# She has her own place, separation has begun, tips please!



## f1r3f1y3 (Dec 8, 2009)

Hi,

so my wife has got her own place after her EAs and all our problems. We have agreed a 6 month trial separation. She does not want to move out, so it has been very hard to make this happen and it has taken weeks to arrange. However every time I question whether it's the right thing to do, she does something to remind me it is. 

I am paying her rent until she finds a job with more hours. Our son will stay with me 4 nights through the week and with her 3 nights over the weekend.

I need to somehow get my son to and from school every day and I know it will be hard to keep the house running, I work long hours although from home. I don't know what this is going to feel like. 

We have agreed to date once a week, so I need to arrange a weekly baby sitter. I don't know where we'll go or what we'll do, money will be tight.

Our son took the news really well. In fact he seems quite excited at the prospect of sleeping in the flat sometimes then the house. We just told him we weren't getting on well and wanted to spend a little time apart. He asked some questions and responded very positively to this. Huge relief on that front.

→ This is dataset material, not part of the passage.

(* Assume the setting and algorithm described in the context. If $0<\alpha\le\frac{\sqrt n}{\sqrt{8m}\,L}$, then for all $k\ge0$, almost surely, $$\mathbb E\big[t^{k+1}\,|\,\mathcal F^k\big]\le 2t^k+3\alpha^2\|\overline{\nabla\mathbf f}(x^k)\|^2+\frac{9}{4mn}\|x^k-Jx^k\|^2 .$$
   Context: Setting. Let $n,m,p\ge1$ be integers and $\mathcal V=\{1,\dots,n\}$. For each $i\in\mathcal V$ and $j\in\{1,\dots,m\}$, $f_{i,j}:\mathbb R^p\to\mathbb R$ is differentiable and $L$-smooth for some $L>0$, i.e. $\|\nabla f_{i,j}(x)-\nabla f_{i,j}(y)\|\le L\|x-y\|$ for all $x,y\in\mathbb R^p$. Let $f_i:=\frac1m\sum_{j=1}^m f_{i,j}$ and $F:=\frac1n\sum_{i=1}^n f_i$, and assume $F^*:=\inf_{x\in\mathbb R^p}F(x)>-\infty$. Let $\underline W=(\underline w_{ir})\in\mathbb R^{n\times n}$ be a nonnegative, primitive, doubly stochastic matrix ($\underline W\mathbf 1_n=\mathbf 1_n$, $\mathbf 1_n^\top\underline W=\mathbf 1_n^\top$), and let $\lambda\in[0,1)$ be its second largest singular value. Any expression with $\lambda$ in a denominator is read as $+\infty$ when $\lambda=0$. Algorithm GT-SAGA with step-size $\alpha>0$: fix a deterministic $\bar x^0\in\mathbb R^p$; for all $i\in\mathcal V$ set $x_i^0=\bar x^0$, $z_{i,j}^0=x_i^0$ for all $j$, $y_i^0=0$, $g_i^{-1}=0$. For $k=0,1,2,\dots$ and every $i\in\mathcal V$: draw $\tau_i^k$ uniformly from $\{1,\dots,m\}$; set $g_i^k=\nabla f_{i,\tau_i^k}(x_i^k)-\nabla f_{i,\tau_i^k}(z_{i,\tau_i^k}^k)+\frac1m\sum_{j=1}^m\nabla f_{i,j}(z_{i,j}^k)$; set $y_i^{k+1}=\sum_{r=1}^n\underline w_{ir}(y_r^k+g_r^k-g_r^{k-1})$; set $x_i^{k+1}=\sum_{r=1}^n\underline w_{ir}(x_r^k-\alpha y_r^{k+1})$; draw $s_i^k$ uniformly from $\{1,\dots,m\}$; set $z_{i,j}^{k+1}=x_i^k$ if $j=s_i^k$ and $z_{i,j}^{k+1}=z_{i,j}^k$ otherwise. The family $\{\tau_i^k,s_i^k: i\in\mathcal V,k\ge0\}$ is independent. Notation. $x^k,y^k,g^k\in\mathbb R^{np}$ stack the $x_i^k$, $y_i^k$, $g_i^k$; $\nabla\mathbf f(x^k)\in\mathbb R^{np}$ stacks $\nabla f_i(x_i^k)$, $i=1,\dots,n$; $W=\underline W\otimes I_p$, $J=(\frac1n\mathbf 1_n\mathbf 1_n^\top)\otimes I_p$; $\bar x^k=\frac1n\sum_i x_i^k$, $\bar g^k=\frac1n\sum_i g_i^k$, $\overline{\nabla\mathbf f}(x^k)=\frac1n\sum_i\nabla f_i(x_i^k)$. $\mathcal F^0$ is the trivial $\sigma$-algebra and $\mathcal F^k=\sigma(\{\tau_i^t,s_i^t:i\in\mathcal V,\ t\le k-1\})$ for $k\ge1$. $t^k:=\frac1n\sum_{i=1}^n\frac1m\sum_{j=1}^m\|\bar x^k-z_{i,j}^k\|^2$. $\|\nabla\mathbf f(x^0)\|^2:=\sum_{i=1}^n\|\nabla f_i(\bar x^0)\|^2$. Norms are Euclidean (spectral for matrices); vector and matrix inequalities are entrywise. *)

theory Defs
  imports "HOL-Probability.Probability"
begin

I just hope over the next 6 months we can rebuild our marriage from scratch, minus all the lies.


----------



## nice777guy (Nov 23, 2009)

firefly - don't know your whole story

FWIW - when we did this same thing - almost exactly - people told me that my wife was just looking to create space to make her lying easier; didn't want to believe it, but now see that its true

You may find once you get settled in - after about 3 months - a certain comfort level with things; you'll have peace at home - some quality time alone with your son and your wife will be out of sight and mind - but please don't confuse this with progress

This feeling of comfort has to some extent kept me in limbo now; the kids are used to whats going on; I'm still - to some degree - supporting my wife and finding it hard to break that off;

And most of all, I'm still catching the lies, even though I don't look as hard;

Our initial lease ended on May 30th - she's still in the apartment and I see no end in sight

Sorry - not trying to bring you down - and hope your situation turns out much different than mine; just be careful not to confuse peace with progress;


----------